— Exercise prompt —
Lines that include "moreover" make up the answer; copy all of them from the data below.

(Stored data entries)
lemma e_vec_maximal_lower_face:
  fixes C :: "'a::euclidean_space set"
  assumes "convex C" "conic C" "locally_smooth C" "E face_of C"
    and G: "maximal_lower_face C E G" "G \<subseteq> E"
  shows "norm (e_vec G E) = 1 \<and> e_vec G E \<in> orthogonal_comp G \<inter> dual_cone_span E"
proof (rule e_vec_regular_face)
  show "convex E" "conic E" using assms(2,4) face_of_imp_convex face_of_conic by blast+
  show "G face_of E" "G \<noteq> E" "G \<noteq> {}"
    using G face_of_subset[of G C E] face_of_imp_subset[OF assms(4)]
    unfolding maximal_lower_face_def by auto
  have "smooth_face C E"
    using assms(3,4) G unfolding locally_smooth_def modular_face_def by blast
  then show "regular_point E x" if "x \<in> rel_interior G" for x
    using that G \<open>G face_of E\<close> \<open>G \<noteq> E\<close> unfolding smooth_face_def by blast
qed

text \<open>If e vanished on G, the face of E exposed by e would contain F and G; by maximality of
  dim F it would have the dimension of both, hence equal both.\<close>
lemma maximal_lower_face_exists_pos_inner:
  fixes C :: "'a::euclidean_space set"
  assumes "convex C" "E face_of C"
    and F: "maximal_lower_face C E F" "F \<subseteq> E" and G: "maximal_lower_face C E G" "G \<subseteq> E" "G \<noteq> F"
    and e: "e \<in> orthogonal_comp F \<inter> dual_cone_span E" "e \<noteq> 0"
  shows "\<exists>g\<in>G. 0 < inner e g"
proof (rule ccontr)
  assume "\<not> (\<exists>g\<in>G. 0 < inner e g)"
  have eE: "0 \<le> inner e x" if "x \<in> E" for x
    using e that unfolding dual_cone_span_def dual_cone_def by blast
  define \<Phi> where "\<Phi> = E \<inter> {x. inner e x = 0}"
  have "convex E" using assms(2) face_of_imp_convex by blast
  then have "\<Phi> face_of E" unfolding \<Phi>_def
    using face_of_Int_supporting_hyperplane_ge[where a=e and b=0] eE by simp
  then have \<Phi>C: "\<Phi> face_of C" using assms(2) face_of_trans by blast
  have "\<Phi> \<noteq> E"
  proof
    assume "\<Phi> = E"
    then have "orthogonal e e"
      using orthogonal_to_span[of e E e] e unfolding \<Phi>_def dual_cone_span_def orthogonal_def by blast
    then show False using e(2) by (simp add: orthogonal_def)
  qed
  then have "aff_dim \<Phi> < aff_dim E" using face_of_aff_dim_lt[OF \<open>convex E\<close> \<open>\<Phi> face_of E\<close>] by blast
  have F\<Phi>: "F \<subseteq> \<Phi>" using F(2) e unfolding \<Phi>_def orthogonal_comp_def orthogonal_def
    by (auto simp: inner_commute)
  have G\<Phi>: "G \<subseteq> \<Phi>" using G(2) eE \<open>\<not> (\<exists>g\<in>G. 0 < inner e g)\<close> unfolding \<Phi>_def by force
  have eq\<Phi>: "H = \<Phi>" if H: "maximal_lower_face C E H" "H \<subseteq> \<Phi>" for H
  proof (rule ccontr)
    assume "H \<noteq> \<Phi>"
    moreover have "H face_of \<Phi>"
      using H face_of_subset face_of_imp_subset[OF \<Phi>C] unfolding maximal_lower_face_def by blast
    ultimately have "aff_dim H < aff_dim \<Phi>"
      using face_of_aff_dim_lt face_of_imp_convex[OF \<Phi>C] by blast
    moreover have "\<Phi> \<noteq> {}" using H(1,2) \<open>H \<noteq> \<Phi>\<close> unfolding maximal_lower_face_def by blast
    ultimately show False
      using H(1) \<Phi>C \<open>aff_dim \<Phi> < aff_dim E\<close> unfolding maximal_lower_face_def by fastforce
  qed
  show False using eq\<Phi>[OF F(1) F\<Phi>] eq\<Phi>[OF G(1) G\<Phi>] G(3) by simp
qed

— Response —
    moreover have "H face_of \<Phi>"
    moreover have "\<Phi> \<noteq> {}" using H(1,2) \<open>H \<noteq> \<Phi>\<close> unfolding maximal_lower_face_def by blast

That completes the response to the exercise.